Commission delays vote on banning public comment at workshops


WHAT THE BOARD DID

The Palm Beach County Commission also took the following action Tuesday:

Shooting range: Approved buying 40 acres near 20 Mile Bend to expand a shooting range there. The property, which the South Florida Water Management District is selling to the county for $405,000, could also become the site of an all-terrain vehicle park.

Criminal Justice director: Ratified the Palm Beach County Criminal Justice Commission’s pick for executive director: Kristina Gulick, operations manager for the Palm Beach County Tax Collector since 2013.

Waterway Park: Approved a $5.2 million contract for improvements including boat ramps and a fishing pier at the 30-acre Waterway Park, adjacent to the Jonathan’s Landing neighborhood in Jupiter.

Alzheimer’s home: Gave consent to an Alzheimer’s care facility on property of the former Briger tract in Palm Beach Gardens.

Roads: Approved the county’s five-year, $303-million roads plan.

Palm Beach County commissioners Tuesday delayed action on new Mayor Mary Lou Berger’s plan to ban public comment at commission workshops.

Instead, they asked the county legal staff to give them a couple versions of a policy: an outright ban and partial ban that would allow public comment at the commission’s discretion.

The ban on public comments at workshops was one piece of a three-part proposal by Berger, which also included a requirement that commissioners alert staff of the topics they plan to discuss at the end of meetings and the elimination of a self-imposed rule that the commission have two night meetings a year.

The vote on all three had to be delayed because they were all part of one policy, but it was the public comment issue that drew fire.

Berger argued Tuesday, as she has before, that for a long time, public comment wasn’t allowed at workshops. She’s said those gatherings are designed for commissioners to be educated; they then could decide to take the issue to a general meeting, where comment is permitted.

Critics have argued, however, that many elected officials will have already made up their minds by then, something Berger denied.
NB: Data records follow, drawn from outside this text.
text \<open>Shifting each generator by the midpoint of its spectrum bounds both terms of
  \<open>\<i> R' = g\<^sub>S R + S V g\<^sub>U U\<close> by half their spectral gaps.\<close>

lemma product_generator_shift_bound:
  assumes S: "unitary_mat d S" and V: "unitary_mat d V" and U: "unitary_mat d U"
    and S': "S' \<in> carrier_mat d d" and U': "U' \<in> carrier_mat d d"
    and gS: "hermitian_mat d (\<i> \<cdot>\<^sub>m (S' * adj S))" and gU: "hermitian_mat d (\<i> \<cdot>\<^sub>m (U' * adj U))"
    and d: "0 < d"
  shows "\<exists>c. \<forall>v\<in>carrier_vec d.
    vec_norm d (\<i> \<cdot>\<^sub>v ((S' * V * U + S * V * U') *\<^sub>v v) - of_real c \<cdot>\<^sub>v ((S * V * U) *\<^sub>v v))
      \<le> (spectral_gap (\<i> \<cdot>\<^sub>m (S' * adj S)) + spectral_gap (\<i> \<cdot>\<^sub>m (U' * adj U))) / 2 * vec_norm d v"
proof -
  define GS GU where "GS = \<i> \<cdot>\<^sub>m (S' * adj S)" and "GU = \<i> \<cdot>\<^sub>m (U' * adj U)"
  have Sc: "S \<in> carrier_mat d d" "adj S * S = 1\<^sub>m d" and Vc: "V \<in> carrier_mat d d" "adj V * V = 1\<^sub>m d"
    and Uc: "U \<in> carrier_mat d d" "adj U * U = 1\<^sub>m d" using S V U by (auto simp: unitary_mat_def)
  have GSc: "GS \<in> carrier_mat d d" and GUc: "GU \<in> carrier_mat d d"
    using gS gU by (auto simp: GS_def GU_def hermitian_mat_def)
  obtain cS cU where
    cS: "\<forall>v\<in>carrier_vec d. vec_norm d (GS *\<^sub>v v - of_real cS \<cdot>\<^sub>v v) \<le> spectral_gap GS / 2 * vec_norm d v" and
    cU: "\<forall>v\<in>carrier_vec d. vec_norm d (GU *\<^sub>v v - of_real cU \<cdot>\<^sub>v v) \<le> spectral_gap GU / 2 * vec_norm d v"
    using spectral_gap_shift_bound[OF gS d] spectral_gap_shift_bound[OF gU d] by (auto simp: GS_def GU_def)
  have "vec_norm d (\<i> \<cdot>\<^sub>v ((S' * V * U + S * V * U') *\<^sub>v v) - of_real (cS + cU) \<cdot>\<^sub>v ((S * V * U) *\<^sub>v v))
      \<le> (spectral_gap GS + spectral_gap GU) / 2 * vec_norm d v" if v: "v \<in> carrier_vec d" for v
  proof -
    define w where "w = U *\<^sub>v v"
    define z where "z = (S * V * U) *\<^sub>v v"
    have wc: "w \<in> carrier_vec d" and zc: "z \<in> carrier_vec d"
      using Sc Vc Uc v by (auto simp: w_def z_def mult_carrier_mat[of _ d d _ d] mult_mat_vec_carrier[of _ d d])
    have z: "z = S *\<^sub>v (V *\<^sub>v w)" using Sc Vc Uc v by (simp add: w_def z_def assoc_mult_mat_vec[of _ d d _ d])
    have "S *\<^sub>v (V *\<^sub>v (GU *\<^sub>v w - of_real cU \<cdot>\<^sub>v w)) = S *\<^sub>v (V *\<^sub>v (GU *\<^sub>v w)) - of_real cU \<cdot>\<^sub>v z"
      using Sc Vc GUc wc by (simp add: z mult_minus_distrib_mat_vec[of _ d d] mult_mat_vec)
    moreover have "p + q - of_real (cS + cU) \<cdot>\<^sub>v z = (p - of_real cS \<cdot>\<^sub>v z) + (q - of_real cU \<cdot>\<^sub>v z)"
      if "p \<in> carrier_vec d" "q \<in> carrier_vec d" for p q
      using that zc by (intro eq_vecI) (auto simp: algebra_simps)
    ultimately have split: "\<i> \<cdot>\<^sub>v ((S' * V * U + S * V * U') *\<^sub>v v) - of_real (cS + cU) \<cdot>\<^sub>v ((S * V * U) *\<^sub>v v)
        = (GS *\<^sub>v z - of_real cS \<cdot>\<^sub>v z) + S *\<^sub>v (V *\<^sub>v (GU *\<^sub>v w - of_real cU \<cdot>\<^sub>v w))"
      unfolding product_generator_mult_vec[OF Sc Vc(1) Uc S' U' v] GS_def[symmetric] GU_def[symmetric]
        z_def[symmetric] w_def[symmetric]
      using Sc Vc GSc GUc zc wc by simp
    have "vec_norm d (S *\<^sub>v (V *\<^sub>v (GU *\<^sub>v w - of_real cU \<cdot>\<^sub>v w))) = vec_norm d (GU *\<^sub>v w - of_real cU \<cdot>\<^sub>v w)"
      using Sc Vc GUc wc by (simp add: unitary_vec_norm)
    moreover have "vec_norm d z = vec_norm d v" "vec_norm d w = vec_norm d v"
      using Sc Vc Uc v wc by (simp_all add: z w_def unitary_vec_norm)
    ultimately have "vec_norm d (GS *\<^sub>v z - of_real cS \<cdot>\<^sub>v z) + vec_norm d (S *\<^sub>v (V *\<^sub>v (GU *\<^sub>v w - of_real cU \<cdot>\<^sub>v w)))
        \<le> (spectral_gap GS + spectral_gap GU) / 2 * vec_norm d v"
      using cS[rule_format, OF zc] cU[rule_format, OF wc]
        distrib_right[of "spectral_gap GS / 2" "spectral_gap GU / 2" "vec_norm d v"]
      by (simp add: add_divide_distrib)
    moreover have "vec_norm d ((GS *\<^sub>v z - of_real cS \<cdot>\<^sub>v z) + S *\<^sub>v (V *\<^sub>v (GU *\<^sub>v w - of_real cU \<cdot>\<^sub>v w)))
        \<le> vec_norm d (GS *\<^sub>v z - of_real cS \<cdot>\<^sub>v z) + vec_norm d (S *\<^sub>v (V *\<^sub>v (GU *\<^sub>v w - of_real cU \<cdot>\<^sub>v w)))"
      using Sc Vc GSc GUc zc wc by (intro vec_norm_triangle) auto
    ultimately show ?thesis unfolding split by linarith
  qed
  then show ?thesis unfolding GS_def GU_def by blast
qed

lemma fisher_info_product_family_le:
  assumes X: "open X" "\<xi> \<in> X"
    and S: "\<forall>y\<in>X. unitary_mat d (S y)" and U: "\<forall>y\<in>X. unitary_mat d (U y)" and V: "unitary_mat d V"
    and dS: "has_mat_derivative d S S' \<xi>" "S' \<in> carrier_mat d d"
    and dU: "has_mat_derivative d U U' \<xi>" "U' \<in> carrier_mat d d"
    and u: "orthonormal_system d d u" and lam: "\<forall>k<d. lam k \<ge> 0" "(\<Sum>k<d. lam k) = 1"
    and p: "\<forall>j<d. \<forall>y\<in>X. p j y = (\<Sum>k<d. lam k * (cmod (((S y * V * U y) *\<^sub>v u k) $ j))\<^sup>2)"
  shows "(\<Sum>j\<in>{j. j < d \<and> 0 < p j \<xi>}. p j \<xi> * (deriv (\<lambda>y. ln (p j y)) \<xi>)\<^sup>2)
    \<le> (spectral_gap (\<i> \<cdot>\<^sub>m (U' * adj (U \<xi>))) + spectral_gap (\<i> \<cdot>\<^sub>m (S' * adj (S \<xi>))))\<^sup>2"
proof (cases "d = 0")
  case False
  define R' where "R' = S' * V * U \<xi> + S \<xi> * V * U'"
  have Sc: "\<forall>y\<in>X. S y \<in> carrier_mat d d" and Uc: "\<forall>y\<in>X. U y \<in> carrier_mat d d"
    and Vc: "V \<in> carrier_mat d d" using S U V by (simp_all add: unitary_mat_def)
  have dR: "has_mat_derivative d (\<lambda>y. S y * V * U y) R' \<xi>"
    unfolding R'_def using Sc Uc by (intro has_mat_derivative_mult_const_mult[OF X _ Vc dS(2) dU(2) dS(1) dU(1)]) auto
  have "R' \<in> carrier_mat d d" "\<forall>y\<in>X. S y * V * U y \<in> carrier_mat d d"
    using Sc Uc Vc dS(2) dU(2) X by (auto simp: R'_def intro!: add_carrier_mat mult_carrier_mat)
  moreover obtain c where "\<forall>v\<in>carrier_vec d. vec_norm d (\<i> \<cdot>\<^sub>v (R' *\<^sub>v v) - of_real c \<cdot>\<^sub>v ((S \<xi> * V * U \<xi>) *\<^sub>v v))
      \<le> (spectral_gap (\<i> \<cdot>\<^sub>m (S' * adj (S \<xi>))) + spectral_gap (\<i> \<cdot>\<^sub>m (U' * adj (U \<xi>)))) / 2 * vec_norm d v"
    using product_generator_shift_bound[OF S[rule_format, OF X(2)] V U[rule_format, OF X(2)] dS(2) dU(2)
        unitary_generator_hermitian[OF X S dS] unitary_generator_hermitian[OF X U dU]] False
    unfolding R'_def by auto
  ultimately have "(\<Sum>j\<in>{j. j < d \<and> 0 < p j \<xi>}. p j \<xi> * (deriv (\<lambda>y. ln (p j y)) \<xi>)\<^sup>2)
    \<le> 4 * ((spectral_gap (\<i> \<cdot>\<^sub>m (S' * adj (S \<xi>))) + spectral_gap (\<i> \<cdot>\<^sub>m (U' * adj (U \<xi>)))) / 2)\<^sup>2"
    by (intro fisher_info_unitary_family_le[OF X _ dR _ u lam _ p]) auto
  then show ?thesis by (simp add: power_divide add.commute)
qed simp

theorem proposition1:
  fixes d :: nat and \<Xi> :: "real set" and H :: "real \<Rightarrow> complex mat"
    and E :: "nat \<Rightarrow> real \<Rightarrow> real" and e :: "nat \<Rightarrow> real \<Rightarrow> complex vec"
    and t \<xi> :: real
  assumes "open \<Xi>" and "\<xi> \<in> \<Xi>"
    and herm: "\<forall>x\<in>\<Xi>. hermitian_mat d (H x)"
    and H_diff: "\<forall>x\<in>\<Xi>. \<forall>i<d. \<forall>j<d. (\<lambda>y. H y $$ (i,j)) differentiable (at x)"
    and eigvec: "\<forall>x\<in>\<Xi>. \<forall>j<d. e j x \<in> carrier_vec d \<and> H x *\<^sub>v e j x = of_real (E j x) \<cdot>\<^sub>v e j x"
    and orthonormal: "\<forall>x\<in>\<Xi>. \<forall>j<d. \<forall>k<d. e j x \<bullet>c e k x = (if j = k then 1 else 0)"
    and nondeg_sorted: "\<forall>x\<in>\<Xi>. \<forall>j k. j < k \<and> k < d \<longrightarrow> E j x < E k x"
    and e_diff: "\<forall>x\<in>\<Xi>. \<forall>j<d. \<forall>k<d. (\<lambda>y. e j y $ k) differentiable (at x)"
  shows "\<forall>\<rho>0 V. density_mat d \<rho>0 \<and> unitary_mat d V \<longrightarrow>
           fisher_info d H e t \<rho>0 V \<xi>
             \<le> (spectral_gap (gU d H t \<xi>) + spectral_gap (gS d e \<xi>))^2"
proof (intro allI impI)
  fix \<rho>0 V assume \<rho>V: "density_mat d \<rho>0 \<and> unitary_mat d V"
  note X = \<open>open \<Xi>\<close> \<open>\<xi> \<in> \<Xi>\<close>
  have Hc: "\<forall>y\<in>\<Xi>. H y \<in> carrier_mat d d" using herm by (simp add: hermitian_mat_def)
  have onb: "\<forall>y\<in>\<Xi>. orthonormal_system d d (\<lambda>j. e j y)"
    using eigvec orthonormal by (simp add: orthonormal_system_def)
  have eig: "\<forall>y\<in>\<Xi>. \<forall>j<d. H y *\<^sub>v e j y = of_real (E j y) \<cdot>\<^sub>v e j y" using eigvec by simp
  have U: "\<forall>y\<in>\<Xi>. unitary_mat d (evol H t y)" using Hc onb eig by (simp add: evol_unitary[of H _ d e E t])
  obtain u lam where u: "orthonormal_system d d u" and lam: "\<forall>k<d. lam k \<ge> 0" "(\<Sum>k<d. lam k) = 1"
    and \<rho>e: "\<forall>a<d. \<forall>b<d. \<rho>0 $$ (a,b) = (\<Sum>k<d. of_real (lam k) * u k $ a * cnj (u k $ b))"
    using density_mat_eigenbasis \<rho>V by blast
  have "\<forall>j<d. \<forall>y\<in>\<Xi>. outcome_prob d H e t \<rho>0 V j y
      = (\<Sum>k<d. lam k * (cmod (((Smat d e y * V * evol H t y) *\<^sub>v u k) $ j))\<^sup>2)"
    using outcome_prob_expansion[OF _ _ _ \<rho>e] U \<rho>V eigvec u
    by (auto simp: unitary_mat_def density_mat_def hermitian_mat_def orthonormal_system_def)
  then show "fisher_info d H e t \<rho>0 V \<xi> \<le> (spectral_gap (gU d H t \<xi>) + spectral_gap (gS d e \<xi>))\<^sup>2"
    unfolding fisher_info_def gU_def gS_def
    using onb Smat_unitary H_diff e_diff X \<rho>V
    by (intro fisher_info_product_family_le[OF X _ U _ Smat_has_mat_derivative mderiv_carrier_mat
          evol_has_mat_derivative[OF X Hc onb eig] mderiv_carrier_mat u lam]) auto
qed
“Both steps are legal and both, in my opinion, violate the spirit and intent of our Sunshine Law,” Barbara Petersen, executive director of the First Amendment Foundation, a Tallahassee-based open-government advocate, told The Palm Beach Post Monday. “Why do they get themselves elected to office if they don’t want to hear from the public?”

But Berger said Tuesday, “I would like to try it. If it works, it works.”

Commissioner Melissa McKinlay worried that if she and colleagues, at a workshop, only hear a presentation, or decide in consensus to “give direction” without a formal vote, those are issues that never come to a regular meeting, at which people could comment.

“That is something we probably should allow public comment on,” she said.

Commissioner Steven Abrams said he had the same concerns, and also worried about items that commissioners hear in workshops and decide not to forward to the general meeting.

At that point, Berger said she was “certainly flexible and happy to work with administrator,” Verdenia Baker.

Then County Attorney Denise Nieman said the wording that commissioners had directed her to craft, and on which they were set to vote, would have forbidden comment altogether.

“Since Workshops are for informational purposes only, with no official action taken other than Board direction to staff, no public comment will be accepted,” the text said.

So Berger said she’d work with Nieman and Baker to give commissioners more options and bring the issue back to the commission in January.

Commissioners Shelley Vana and Paulette Burdick did not attend Tuesday’s meeting.